Как будто опасаясь, что майор будет возражать, тов. Пак, не дожидаясь ответа пошла прочь настолько быстрым шагом, насколько позволяли ее тяжелые ботинки и сыпучий песок под ними. Лунин возражать не собирался; подождав с полминуты и убедившись, что девушка не оборачивается, он отбежал в прибрежные заросли и, прячась за деревцами и кустами, последовал за ней. Идти пришлось недолго – перебравшись через утес, девушка остановилась, осмотрелась и, никого не заметив, начала раздеваться. Лунин рассчитывал, что сможет подглядывать за ней, устроившись в пышном раскидистом кусте с остренькими листиками и потихоньку раздвигая его ветки; но куст оказался колючим, так что, едва шевельнув головой, майор поцарапал себе щеку и мочку уха. Тут он заметил внизу, у основания утеса, небольшую пещеру, выдолбленную вероятно, разливающейся рекой. Песок, на который ему пришлось лечь, забравшись туда, был холодным и влажным, зато отодвинув в сторону высокую желто-зеленую копну какого-то растения, подымавшегося на два метра у самого входа, он мог превосходно видеть, как тов. Пак, уже разувшись и сняв брюки с портупеей, медленно стягивала пропотевшую гимнастерку через голову – но, к огромному огорчению майора, стоя к нему спиной.
Раздевшись донага, девушка аккуратно сложила одежду, вместе с ботинками отнесла их к воде и вдруг неожиданно развернувшись, пошла прямо на Лунина. Майор, в первый раз увидевшей какой крупной и красивой была ее грудь, до сих пор тонувшая в складках безразмерной гимнастерки, перепугался как курящий школьник, неожиданно увидевший завуча, но тов.
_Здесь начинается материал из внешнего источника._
lemma sum_squared_le_card_mult_sum_squares:
  fixes f :: "'a \<Rightarrow> real"
  shows "(\<Sum>i\<in>I. f i)\<^sup>2 \<le> real (card I) * (\<Sum>i\<in>I. (f i)\<^sup>2)"
proof (cases "card I = 0")
  case True
  then show ?thesis by (cases "finite I") auto
next
  case False
  define m where "m = (\<Sum>i\<in>I. f i) / card I"
  have "0 \<le> (\<Sum>i\<in>I. (f i - m)\<^sup>2)" by (simp add: sum_nonneg)
  also have "\<dots> = (\<Sum>i\<in>I. (f i)\<^sup>2) - 2 * m * (\<Sum>i\<in>I. f i) + card I * m\<^sup>2"
    by (simp add: power2_diff sum.distrib sum_subtractf sum_distrib_left sum_distrib_right mult_ac)
  also have "\<dots> = (\<Sum>i\<in>I. (f i)\<^sup>2) - (\<Sum>i\<in>I. f i)\<^sup>2 / card I"
    using False by (simp add: m_def power2_eq_square field_simps)
  finally show ?thesis using False by (simp add: field_simps)
qed

lemma finite_argmax:
  fixes f :: "'a \<Rightarrow> 'b::linorder"
  assumes "finite S" "S \<noteq> {}"
  obtains x where "x \<in> S" "\<And>y. y \<in> S \<Longrightarrow> f y \<le> f x"
proof -
  have "Max (f ` S) \<in> f ` S" using assms by (intro Max_in) auto
  then obtain x where "x \<in> S" "f x = Max (f ` S)" by auto
  then show thesis using Max_ge[of "f ` S"] assms by (intro that) auto
qed

definition reflection_mat :: "nat \<Rightarrow> real vec \<Rightarrow> real mat" where
  "reflection_mat n w = mat n n (\<lambda>(i, j). of_bool (i = j) - 2 / (w \<bullet> w) * w $ i * w $ j)"

lemma reflection_mat_carrier: "reflection_mat n w \<in> carrier_mat n n"
  unfolding reflection_mat_def by simp

lemma transpose_reflection_mat: "transpose_mat (reflection_mat n w) = reflection_mat n w"
  unfolding reflection_mat_def by (rule eq_matI) auto

lemma reflection_mat_involutive:
  assumes w: "w \<in> carrier_vec n" and w0: "w \<bullet> w \<noteq> 0"
  shows "reflection_mat n w * reflection_mat n w = 1\<^sub>m n"
proof (rule eq_matI)
  fix i j assume "i < dim_row (1\<^sub>m n)" "j < dim_col (1\<^sub>m n)"
  then have ij: "i < n" "j < n" by auto
  define t where "t = 2 / (w \<bullet> w)"
  have ww: "w \<bullet> w = (\<Sum>k<n. w $ k * w $ k)"
    using w by (simp add: scalar_prod_def atLeast0LessThan)
  have "(reflection_mat n w * reflection_mat n w) $$ (i, j)
      = (\<Sum>k<n. (of_bool (i = k) - t * w $ i * w $ k) * (of_bool (k = j) - t * w $ k * w $ j))"
    using ij by (simp add: reflection_mat_def t_def scalar_prod_def atLeast0LessThan)
  also have "\<dots> = (\<Sum>k<n. of_bool (i = k) * of_bool (k = j) - t * w $ j * (of_bool (i = k) * w $ k)
      - t * w $ i * (of_bool (k = j) * w $ k) + t * t * w $ i * w $ j * (w $ k * w $ k))"
    by (intro sum.cong refl) (simp add: algebra_simps)
  also have "\<dots> = of_bool (i = j) - t * w $ j * w $ i - t * w $ i * w $ j + t * t * w $ i * w $ j * (w \<bullet> w)"
    using ij unfolding ww by (simp add: sum.distrib sum_subtractf flip: sum_distrib_left)
  also have "\<dots> = of_bool (i = j) + (t * (w \<bullet> w) - 2) * t * w $ i * w $ j"
    by (simp add: algebra_simps)
  also have "t * (w \<bullet> w) = 2" using w0 by (simp add: t_def)
  finally show "(reflection_mat n w * reflection_mat n w) $$ (i, j) = 1\<^sub>m n $$ (i, j)"
    using ij by simp
qed (auto simp: reflection_mat_def)

lemma orthogonal_mat_with_first_col:
  fixes u :: "real vec"
  assumes u: "u \<in> carrier_vec n" and n: "0 < n" and unit: "u \<bullet> u = 1"
  shows "\<exists>W \<in> carrier_mat n n. transpose_mat W * W = 1\<^sub>m n \<and> col W 0 = u"
  \<comment> \<open>the reflection in the hyperplane orthogonal to \<open>u - e\<^sub>0\<close> swaps \<open>e\<^sub>0\<close> and \<open>u\<close>\<close>
proof (cases "u = unit_vec n 0")
  case True
  then show ?thesis using n by (intro bexI[of _ "1\<^sub>m n"]) auto
next
  case False
  define w where "w = u - unit_vec n 0"
  have w: "w \<in> carrier_vec n" using u by (simp add: w_def)
  have ww: "w \<bullet> w = 2 - 2 * u $ 0"
    using u n unit by (simp add: w_def minus_scalar_prod_distrib scalar_prod_minus_distrib
        comm_scalar_prod[of "unit_vec n 0" n u])
  have "u $ 0 \<noteq> 1"
  proof
    assume "u $ 0 = 1"
    then have "w \<bullet> w = 0" using ww by simp
    then have "w = 0\<^sub>v n" using conjugate_square_eq_0_vec[OF w] by simp
    then show False using False u unfolding w_def
      by (metis comm_add_vec minus_add_minus_vec minus_cancel_vec uminus_eq_vec unit_vec_carrier zero_minus_vec)
  qed
  then have w0: "w \<bullet> w \<noteq> 0" using ww by simp
  define W where "W = reflection_mat n w"
  have "col W 0 = u"
  proof (rule eq_vecI)
    fix i assume "i < dim_vec u"
    then have i: "i < n" using u by simp
    have coeff: "2 / (w \<bullet> w) * w $ 0 = -1" using ww w0 n u by (simp add: w_def field_simps)
    have "col W 0 $ i = of_bool (i = 0) - 2 / (w \<bullet> w) * w $ 0 * w $ i"
      using i n by (simp add: W_def reflection_mat_def col_def mult_ac)
    also have "\<dots> = of_bool (i = 0) + w $ i" by (simp only: coeff)
    also have "\<dots> = u $ i" using i u by (simp add: w_def)
    finally show "col W 0 $ i = u $ i" .
  qed (use u in \<open>simp add: W_def reflection_mat_def\<close>)
  then show ?thesis
    using reflection_mat_involutive[OF w w0]
    by (intro bexI[of _ W]) (auto simp: W_def transpose_reflection_mat reflection_mat_carrier)
qed

lemma orthogonal_mat_transpose_right:
  fixes U :: "'a::field mat"
  assumes "U \<in> carrier_mat n n" "transpose_mat U * U = 1\<^sub>m n"
  shows "U * transpose_mat U = 1\<^sub>m n"
  using mat_mult_left_right_inverse[OF _ assms(1,2)] assms(1) by simp

locale orthogonal_diagonalization =
  fixes n :: nat and A U D :: "real mat"
  assumes carrier_U: "U \<in> carrier_mat n n" and carrier_D: "D \<in> carrier_mat n n"
    and diagonal_D: "diagonal_mat D"
    and orthogonal_U: "transpose_mat U * U = 1\<^sub>m n"
    and decomposition: "A = U * D * transpose_mat U"

lemma orthogonal_diagonalization_conjugate:
  fixes A W :: "real mat"
  assumes A: "A \<in> carrier_mat n n" and W: "W \<in> carrier_mat n n" "transpose_mat W * W = 1\<^sub>m n"
    and diag: "orthogonal_diagonalization n (transpose_mat W * A * W) U D"
  shows "orthogonal_diagonalization n A (W * U) D"
proof -
  interpret orthogonal_diagonalization n "transpose_mat W * A * W" U D by (fact diag)
  have WWT: "W * transpose_mat W = 1\<^sub>m n" by (rule orthogonal_mat_transpose_right[OF W])
  note assoc = assoc_mult_mat[of _ n n _ n _ n]
  show ?thesis
  proof
    have "transpose_mat (W * U) * (W * U) = transpose_mat U * (transpose_mat W * W * U)"
      using W(1) carrier_U by (simp add: transpose_mult[of _ n n] assoc)
    also have "\<dots> = 1\<^sub>m n" using W(2) carrier_U orthogonal_U by simp
    finally show "transpose_mat (W * U) * (W * U) = 1\<^sub>m n" .
    have "W * U * D * transpose_mat (W * U) = W * (U * D * transpose_mat U) * transpose_mat W"
      using W carrier_U carrier_D by (simp add: transpose_mult[of _ n n] assoc)
    also have "\<dots> = (W * transpose_mat W) * A * (W * transpose_mat W)"
      using A W by (simp flip: decomposition add: assoc)
    finally show "A = W * U * D * transpose_mat (W * U)" using A WWT by simp
  qed (use W carrier_U carrier_D diagonal_D in auto)
qed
Пак остановилась у первого из окружавшего его утес кустов и с неотразимой девичьей грацией присела под ним. Лунин уважительно отвел глаза в сторону – и вздрогнул всем телом: по песчаному берегу реки бесшумно шли трое американцев. Лунина поразило даже не само их появление, в конце концов, под Сеулом уже высадилось более ста тысяч интервентов, а то, что он, боевой офицер, опытный разведчик, ухитрился проморгать их появление как какой-нибудь новобранец из Средней Азии. Впрочем, поспешил объяснить свой промах Лунин, все дело было в его спутнице. Если бы он, затаив дыхание, наблюдал за обстановкой, а не за тем, как младший лейтенант народной армии неторопливо разоблачалась, он наверняка не позволил бы неприятелю захватить себя врасплох.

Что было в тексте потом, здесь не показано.